Question

The plates of a capacitor of capacitance $C$ are given the charges $Q_1$ and $Q_2$ as shown in figure. Now the switch is closed at $t=0$. Find the charges on plates after time $t$.

Answer 1

Initially charges are shown as in fig (1) the left plate is $q_1$ and on right plate $q_2$ but when the switch is closed on outer surface of plates charge will be $\frac{q_1+q_2}{2}$ and will remain intact charge will occur only in inner surface charges.
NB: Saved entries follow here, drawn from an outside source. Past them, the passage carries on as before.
definition right_maximal :: "'b list \<Rightarrow> 'b list \<Rightarrow> bool" where
  "right_maximal v x \<longleftrightarrow> (\<exists>a b. a \<noteq> b \<and> sublist (x @ [a]) v \<and> sublist (x @ [b]) v)"

definition right_extensions :: "'b list \<Rightarrow> 'b list set" where
  "right_extensions v = {x @ [a] | x a. right_maximal v x \<and> sublist (x @ [a]) v}"

definition suffixient :: "'b list \<Rightarrow> nat set \<Rightarrow> bool" where
  "suffixient v S \<longleftrightarrow> S \<subseteq> {..<length v} \<and>
     (\<forall>e \<in> right_extensions v. \<exists>j \<in> S. suffix e (take (Suc j) v))"

definition chi :: "'b list \<Rightarrow> nat" where
  "chi v = Min {card S | S. suffixient v S}"

end

theory Submission
  imports Defs
begin

(* Write v for w_lin $ and L = sigma^k. Since w_lin ends with a copy of its first k - 1
   letters, every right-extension ending before position k - 1 also ends L positions later,
   so the L + 1 positions k - 1, ..., |v| - 1 are suffixient and chi <= L + 1.
   The rows of the BWT matrix are sorted, hence grouped by their first k - 1 symbols.
   In the de Bruijn cycle every y in Sigma^(k-1) is preceded by each of the sigma letters,
   so the group of rows beginning with y ends in sigma distinct letters and contributes
   sigma - 1 run boundaries: r >= L - L / sigma + 1.
   Finally (L + 1) / (L - L / sigma + 1) < sigma / (sigma - 1). *)

lemma runs_Cons_Cons: "runs (a # b # xs) = runs (b # xs) + (if a = b then 0 else 1)"
  unfolding runs_def by simp

lemma card_add_one_le_runs_snd:
  assumes "sorted (map fst ps)" and "B \<subseteq> set ps" and "ps \<noteq> []"
  shows "card B + 1 \<le> runs (map snd ps) + card (fst ` B)"
  using assms
proof (induction ps arbitrary: B)
  case Nil
  then show ?case by simp
next
  case (Cons p qs)
  show ?case
  proof (cases "qs = []")
    case True
    then have "B = {} \<or> B = {p}" using Cons.prems(2) by auto
    then show ?thesis using True by (auto simp: runs_def)
  next
    case False
    then obtain q qs' where qs: "qs = q # qs'" by (cases qs) auto
    have sorted_qs: "sorted (map fst qs)" using Cons.prems(1) by simp
    have runs_eq: "runs (map snd (p # qs)) = runs (map snd qs) + (if snd p = snd q then 0 else 1)"
      unfolding qs by (simp add: runs_Cons_Cons)
    show ?thesis
    proof (cases "p \<in> B \<and> p \<notin> set qs")
      case False
      then have "B \<subseteq> set qs" using Cons.prems(2) by auto
      then have "card B + 1 \<le> runs (map snd qs) + card (fst ` B)"
        using Cons.IH[OF sorted_qs] qs by blast
      then show ?thesis using runs_eq by simp
    next
      case True
      define B' where "B' = B - {p}"
      have B': "B' \<subseteq> set qs" "B = insert p B'" "p \<notin> B'"
        using True Cons.prems(2) by (auto simp: B'_def)
      have fin: "finite B'" using B'(1) finite_subset by blast
      have IH: "card B' + 1 \<le> runs (map snd qs) + card (fst ` B')"
        using Cons.IH[OF sorted_qs B'(1)] qs by blast
      have card_B: "card B = card B' + 1" using B'(2,3) fin by simp
      show ?thesis
      proof (cases "fst p \<in> fst ` B'")
        case False
        then have "card (fst ` B) = card (fst ` B') + 1" using B'(2) fin by simp
        then show ?thesis using IH card_B runs_eq by simp
      next
        case fst_p: True
        then obtain p' where p': "p' \<in> set qs" "fst p' = fst p" using B'(1) by auto
        have "fst p \<le> fst q" and "fst q \<le> fst p'"
          using Cons.prems(1) sorted_qs p'(1) unfolding qs by auto
        then have "fst q = fst p" using p'(2) by simp
        moreover have "q \<noteq> p" using True unfolding qs by auto
        ultimately have "snd p \<noteq> snd q" by (metis prod.expand)
        moreover have "fst ` B = fst ` B'" using fst_p B'(2) by auto
        ultimately show ?thesis using IH card_B runs_eq by simp
      qed
    qed
  qed
qed
lemma hessian_norm_bound:
  assumes x: "f x \<le> c" and g0: "g x \<noteq> 0"
  shows "norm (H x h) \<le> L * norm h"
proof -
  interpret H: bounded_linear "H x"
    using hessian by (rule has_derivative_bounded_linear)
  show ?thesis
  proof (cases "g x \<bullet> h = 0")
    case True
    have ng: "0 < norm (g x)"
      using g0 by simp
    show ?thesis
    proof (rule field_le_epsilon)
      fix e :: real
      assume "0 < e"
      define t where "t = e / (L * norm (g x))"
      have t: "0 < t"
        using \<open>0 < e\<close> ng L_pos by (simp add: t_def)
      have "H x h = (1/2) *\<^sub>R (H x (h + t *\<^sub>R g x) + H x (h - t *\<^sub>R g x))"
        by (simp add: H.add H.diff scaleR_2[symmetric] del: scaleR_2)
      then have "norm (H x h) \<le> (1/2) * (norm (H x (h + t *\<^sub>R g x)) + norm (H x (h - t *\<^sub>R g x)))"
        by (simp add: norm_triangle_ineq)
      also have "\<dots> \<le> (1/2) * (L * norm (h + t *\<^sub>R g x) + L * norm (h - t *\<^sub>R g x))"
        using True t g0 by (intro mult_left_mono add_mono hessian_norm_bound_transversal[OF x])
          (simp_all add: inner_add_right inner_diff_right)
      also have "\<dots> \<le> (1/2) * (L * (norm h + t * norm (g x)) + L * (norm h + t * norm (g x)))"
        using L_pos t norm_triangle_ineq[of h "t *\<^sub>R g x"] norm_triangle_ineq4[of h "t *\<^sub>R g x"]
        by (intro mult_left_mono add_mono) simp_all
      also have "\<dots> = L * norm h + e"
        using L_pos ng by (simp add: t_def field_simps)
      finally show "norm (H x h) \<le> L * norm h + e" .
    qed
  qed (rule hessian_norm_bound_transversal[OF x])
qed

end

section \<open>The Eptctr iteration\<close>

definition ept_direction ::
  "(real^'n \<Rightarrow> real^'n) \<Rightarrow> (real^'n \<Rightarrow> real^'n^'n) \<Rightarrow> 'n ept_state \<Rightarrow> real^'n" where
  "ept_direction g B st =
    (if acc st then
       (if \<bar>sp st \<bullet> yp st\<bar> > theta * (norm (sp st))\<^sup>2 \<and> kbad st < 5
        then - (H_mat (sp st) (yp st) *v g (xk st))
        else matrix_inv (B (xk st)) *v (- g (xk st)))
     else dirN st)"

definition ept_trial ::
  "(real^'n \<Rightarrow> real^'n) \<Rightarrow> (real^'n \<Rightarrow> real^'n^'n) \<Rightarrow> 'n ept_state \<Rightarrow> real^'n" where
  "ept_trial g B st = ptc_step (dtk st) (ept_direction g B st)"

definition ept_ratio ::
  "(real^'n \<Rightarrow> real) \<Rightarrow> (real^'n \<Rightarrow> real^'n) \<Rightarrow> (real^'n \<Rightarrow> real^'n^'n) \<Rightarrow> 'n ept_state \<Rightarrow> real"
  where
  "ept_ratio f g B st =
    (f (xk st) - f (xk st + ept_trial g B st)) / model_decrease (dtk st) (g (xk st)) (ept_trial g B st)"

lemma ept_step_fields:
  fixes f :: "real^'n \<Rightarrow> real" and g :: "real^'n \<Rightarrow> real^'n" and B :: "real^'n \<Rightarrow> real^'n^'n"
    and st :: "'n ept_state"
  defines "\<rho> \<equiv> ept_ratio f g B st"
  shows "xk (ept_step f g B st) = (if eta_a < \<rho> then xk st + ept_trial g B st else xk st)"
    and "acc (ept_step f g B st) \<longleftrightarrow> eta_a < \<rho>"
    and "dtk (ept_step f g B st) =
      (if eta_2 \<le> \<bar>1 - \<rho>\<bar> then gamma_2 * dtk st
       else if eta_1 \<le> \<bar>1 - \<rho>\<bar> then dtk st else gamma_1 * dtk st)"
    and "sp (ept_step f g B st) = (if eta_a < \<rho> then ept_trial g B st else sp st)"
    and "yp (ept_step f g B st) =
      (if eta_a < \<rho> then g (xk st + ept_trial g B st) - g (xk st) else yp st)"
    and "dirN (ept_step f g B st) = ept_direction g B st"
  unfolding \<rho>_def ept_ratio_def ept_trial_def ept_direction_def ept_step_def Let_def
    ptc_step_def model_decrease_def
  by simp_all

locale eptctr_setting =
  lipschitz_gradient_sublevel_hessian f g "f x0" L "\<lambda>x h. B x *v h"
  for f :: "real^'n \<Rightarrow> real" and g x0 L and B :: "real^'n \<Rightarrow> real^'n^'n" +
  fixes m f_low :: real
  assumes m_pos: "0 < m"
    and coercive: "\<And>x z. f x \<le> f x0 \<Longrightarrow> m * (norm z)\<^sup>2 \<le> z \<bullet> (B x *v z)"
    and bounded_below: "\<And>x. f x \<le> f x0 \<Longrightarrow> f_low \<le> f x"
begin

abbreviation next_state :: "'n ept_state \<Rightarrow> 'n ept_state" where
  "next_state \<equiv> ept_step f g B"

definition descent_const :: real where
  "descent_const = min (1/2) (m / L\<^sup>2)"

definition dir_norm_const :: real where
  "dir_norm_const = max (1 + 2 * L / theta + 2 * (L / theta)\<^sup>2) (1 / m)"

definition safe_dt :: real where
  "safe_dt = min (1/16) (descent_const / (16 * L * dir_norm_const\<^sup>2))"

lemma descent_const_pos: "0 < descent_const"
  using m_pos L_pos by (simp add: descent_const_def)

lemma dir_norm_const_pos: "0 < dir_norm_const"
  using m_pos by (simp add: dir_norm_const_def less_max_iff_disj)

lemma safe_dt_pos: "0 < safe_dt"
  using L_pos descent_const_pos dir_norm_const_pos by (simp add: safe_dt_def)

text \<open>The bound on \<open>yp\<close> holds because accepted steps stay in the sublevel set; it keeps the
  quasi-Newton direction gradient related.\<close>

definition ept_inv :: "'n ept_state \<Rightarrow> bool" where
  "ept_inv st \<longleftrightarrow> f (xk st) \<le> f x0 \<and> 0 < dtk st \<and> norm (yp st) \<le> L * norm (sp st)
     \<and> (\<not> acc st \<longrightarrow> gradient_related descent_const dir_norm_const (g (xk st)) (dirN st))"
Charge will remain conserved, on each plate so inner surface charge will be $\frac{q_1+q_2}{2}$ on left plate $\frac{q_1+q_2}{2}$ on right plate

We know that during discharging charge at any time on inner surface of left plate:-

$q=\left(\frac{Q_1-Q_2}{2}\right)e^{\frac{-t}{RC}}$

and net charge on left plate $\frac{Q{1}_1+Q_2}{2}+\left(\frac{Q_1-Q_2}{2}\right)e^{\frac{-t}{RC}}$

Similarly on right plate :-

$\left(\frac{Q_1+Q_2}{2}\right)+\left(\frac{Q_2-Q_1}{2}\right)e^{\frac{-t}{RC}}$